I have finished it now tonight but as the antenna is now broken I will have to wait until we get back to upload it all. I have to admit it brought a tear to my eye writing the last bit.


----------



## caulkhead (Jul 25, 2007)

hi Barry,

Thank you so much for your wonderful posts over the last 4 months or so. To those of us who are limited to a couple of weeks max in la belle France, reading about other peoples travels is invaluable. We have added many of your reccomendations to our memory banks and hope to follow in your footsteps asap. 

Safe travels,

Caulkhead


----------



## hampsterracing (Jun 2, 2011)

caulkhead said:


> hi Barry,
> 
> Thank you so much for your wonderful posts over the last 4 months or so.

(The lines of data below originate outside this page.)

lemma compact_convex_separation:
  fixes C :: "('b \<Rightarrow> real) set"
  assumes "compact C" "fun_convex C" "p \<notin> C"
  obtains G c \<eta> where "finite G" "\<eta> > 0"
    "\<And>h. h \<in> C \<Longrightarrow> (\<Sum>f\<in>G. c f * h f) + \<eta> \<le> (\<Sum>f\<in>G. c f * p f)"
proof (cases "C = {}")
  case True
  then show ?thesis using that[where G = "{}" and \<eta> = 1] by simp
next
  case False
  obtain G where "finite G" "\<And>h. h \<in> C \<Longrightarrow> \<exists>f\<in>G. h f \<noteq> p f"
    using finite_coordinates_separate[OF assms(1,3)] by blast
  then obtain c \<eta> where "\<eta> > 0" "\<And>h. h \<in> C \<Longrightarrow> (\<Sum>f\<in>G. c f * h f) + \<eta> \<le> (\<Sum>f\<in>G. c f * p f)"
    using compact_convex_separation_finite[OF _ assms(1,2) False] by blast
  with \<open>finite G\<close> show ?thesis by (rule that)
qed

lemma canon_embed_apply [simp]: "blinfun_apply (canon_embed x) f = blinfun_apply f x"
  unfolding canon_embed_def
  by (subst bounded_linear_Blinfun_apply) (auto intro: blinfun.bounded_linear_left)

lemma norm_canon_embed_le: "norm (canon_embed x) \<le> norm x"
proof (rule norm_blinfun_bound)
  fix f :: "'a \<Rightarrow>\<^sub>L real"
  show "norm (blinfun_apply (canon_embed x) f) \<le> norm x * norm f"
    using norm_blinfun[of f x] by (simp add: mult.commute)
qed simp

lemma canon_embed_sum:
  "canon_embed (\<Sum>i\<in>I. lam i *\<^sub>R y i) = (\<Sum>i\<in>I. lam i *\<^sub>R canon_embed (y i :: 'a::banach))"
  by (rule blinfun_eqI)
    (simp add: blinfun.sum_left blinfun.scaleR_left blinfun.sum_right blinfun.scaleR_right)

lemma evaluation_in_dual_ball:
  assumes "norm (y::'a::banach) \<le> 1"
  shows "(\<lambda>f. blinfun_apply f y) \<in> dual_ball"
proof -
  have "\<bar>blinfun_apply f y\<bar> \<le> norm f" for f :: "'a \<Rightarrow>\<^sub>L real"
    using norm_blinfun[of f y] mult_left_mono[OF assms, of "norm f"] by simp
  then show ?thesis unfolding dual_ball_def by (simp add: blinfun.add_left blinfun.scaleR_left)
qed

lemma dual_ball_Blinfun:
  assumes "a \<in> dual_ball"
  shows "blinfun_apply (Blinfun a) = a" "norm (Blinfun a) \<le> 1"
proof -
  have "bounded_linear a"
    using assms unfolding dual_ball_def by (intro bounded_linear_intro[where K=1]) auto
  then show a: "blinfun_apply (Blinfun a) = a" by (rule bounded_linear_Blinfun_apply)
  show "norm (Blinfun a) \<le> 1"
    using assms unfolding dual_ball_def by (intro norm_blinfun_bound) (auto simp: a)
qed

lemma fun_extreme_point_if_preserved_extreme_point:
  assumes "preserved_extreme_point (x::'a::banach)"
  shows "fun_extreme_point_of (\<lambda>f. blinfun_apply f x) dual_ball"
  unfolding fun_extreme_point_of_def
proof (intro conjI ballI allI impI)
  show "(\<lambda>f. blinfun_apply f x) \<in> dual_ball"
    using assms by (intro evaluation_in_dual_ball) (simp add: preserved_extreme_point_def)
  fix a b t
  assume a: "a \<in> dual_ball" and b: "b \<in> dual_ball"
    and t: "0 < t \<and> t < 1 \<and> comb t a b = (\<lambda>f. blinfun_apply f x)"
  have "canon_embed x = (1 - t) *\<^sub>R Blinfun a + t *\<^sub>R Blinfun b"
  proof (rule blinfun_eqI)
    fix f
    show "blinfun_apply (canon_embed x) f
        = blinfun_apply ((1 - t) *\<^sub>R Blinfun a + t *\<^sub>R Blinfun b) f"
      using fun_cong[OF conjunct2[OF conjunct2[OF t]], of f]
      by (simp add: comb_def plus_blinfun.rep_eq scaleR_blinfun.rep_eq
          dual_ball_Blinfun[OF a] dual_ball_Blinfun[OF b])
  qed
  moreover have "Blinfun a \<in> cball 0 1" "Blinfun b \<in> cball 0 1"
    using dual_ball_Blinfun(2) a b by auto
  then have "canon_embed x \<notin> open_segment (Blinfun a) (Blinfun b)"
    using assms unfolding preserved_extreme_point_def extreme_point_of_def by blast
  ultimately have "Blinfun a = Blinfun b" using t by (auto simp: in_segment)
  then have "a = b" using dual_ball_Blinfun(1) a b by metis
  then show "a = (\<lambda>f. blinfun_apply f x)"
    using t by (auto simp: comb_def algebra_simps)
qed

definition weak_nbhd :: "('a::banach \<Rightarrow>\<^sub>L real) set \<Rightarrow> real \<Rightarrow> 'a \<Rightarrow> 'a set" where
  "weak_nbhd F \<epsilon> x = {y. \<forall>f\<in>F. \<bar>blinfun_apply f y - blinfun_apply f x\<bar> < \<epsilon>}"

lemma weak_nbhd_anti_mono: "F \<subseteq> F' \<Longrightarrow> \<epsilon>' \<le> \<epsilon> \<Longrightarrow> weak_nbhd F' \<epsilon>' x \<subseteq> weak_nbhd F \<epsilon> x"
  unfolding weak_nbhd_def by fastforce

lemma weak_topology_nbhd_base:
  assumes "openin weak_topology W" "(x::'a::banach) \<in> W"
  obtains F \<epsilon> where "finite F" "\<epsilon> > 0" "weak_nbhd F \<epsilon> x \<subseteq> W"
proof -
  have "generate_topology_on {{y. blinfun_apply f y \<in> U} | f U. open (U::real set)} W"
    using assms(1) unfolding weak_topology_def openin_topology_generated_by_iff .
  then have "\<forall>x\<in>W. \<exists>F \<epsilon>. finite F \<and> \<epsilon> > 0 \<and> weak_nbhd F \<epsilon> x \<subseteq> W"
  proof induction
    case (Int a b)
    show ?case
    proof
      fix x assume "x \<in> a \<inter> b"
      then obtain F1 F2 and e1 e2 :: real where "finite F1" "e1 > 0" "weak_nbhd F1 e1 x \<subseteq> a"
        "finite F2" "e2 > 0" "weak_nbhd F2 e2 x \<subseteq> b"
        using Int.IH by (meson IntD1 IntD2)
      moreover have "weak_nbhd (F1 \<union> F2) (min e1 e2) x \<subseteq> weak_nbhd F1 e1 x"
        "weak_nbhd (F1 \<union> F2) (min e1 e2) x \<subseteq> weak_nbhd F2 e2 x"
        by (intro weak_nbhd_anti_mono; simp)+
      ultimately show "\<exists>F \<epsilon>. finite F \<and> \<epsilon> > 0 \<and> weak_nbhd F \<epsilon> x \<subseteq> a \<inter> b"
        by (intro exI[of _ "F1 \<union> F2"] exI[of _ "min e1 e2"]) auto
    qed
  next
    case (UN K)
    then show ?case by (meson UnionE Union_upper order_trans)
  next
    case (Basis s)
    then obtain f and U :: "real set" where s: "s = {y. blinfun_apply f y \<in> U}" "open U"
      by blast
    show ?case
    proof
      fix x assume "x \<in> s"
      then obtain e where "e > 0" "ball (blinfun_apply f x) e \<subseteq> U"
        using s open_contains_ball by blast
      then have "weak_nbhd {f} e x \<subseteq> s"
        unfolding weak_nbhd_def s by (auto simp: dist_real_def abs_minus_commute)
      with \<open>e > 0\<close> show "\<exists>F \<epsilon>. finite F \<and> \<epsilon> > 0 \<and> weak_nbhd F \<epsilon> x \<subseteq> s"
        by (intro exI[of _ "{f}"] exI[of _ e]) simp
    qed
  qed simp
  with assms(2) that show ?thesis by blast
qed

lemma slice_subset_cball: "slice_of f \<delta> \<subseteq> cball 0 1"
  by (auto simp: slice_of_def)

lemma rel_weakly_open_slice: "rel_weakly_open_in_ball (slice_of (f::'a::banach \<Rightarrow>\<^sub>L real) \<delta>)"
proof -
  have "openin weak_topology {y::'a. blinfun_apply f y \<in> {norm f - \<delta><..}}"
    unfolding weak_topology_def openin_topology_generated_by_iff
    by (rule generate_topology_on.Basis) (use open_greaterThan in blast)
  moreover have "slice_of f \<delta> = {y. blinfun_apply f y \<in> {norm f - \<delta><..}} \<inter> cball 0 1"
    by (auto simp: slice_of_def)
  ultimately show ?thesis unfolding rel_weakly_open_in_ball_def openin_subtopology by blast
qed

To those of us who are limited to a couple of weeks max in la belle France, reading about other peoples travels is invaluable. We have added many of your reccomendations to our memory banks and hope to follow in your footsteps asap.
> 
> ...


+1

Roger


----------



## motormouth (Jul 3, 2010)

Barry. I reckon you should get a job with the French tourist board. Anyone going there would do well to go through your blog and plan at least part of their trip to take in many of the fantastic spots you stayed in. I know we will next time we go.

Shame your journey is near it's end, especially as there are 10 foot snow drifts in Teasdale, your house blew down weeks ago, your local pub has closed down, the milkman resigned yesterday and the village shop went bust last week and Tesco have stopped delivering to the back of beyond. 

Hey ho. :lol:


----------



## aldra (Jul 2, 2009)

Not before time 8O 8O

Aldra :lol: :lol: :lol: :lol:


----------



## moblee (Dec 31, 2006)

barryd said:


> I considered doing it myself for the ladies but from the comments earlier in this thread about the fat bloke in the sea perhaps it wouldn't have the same appeal. ;-)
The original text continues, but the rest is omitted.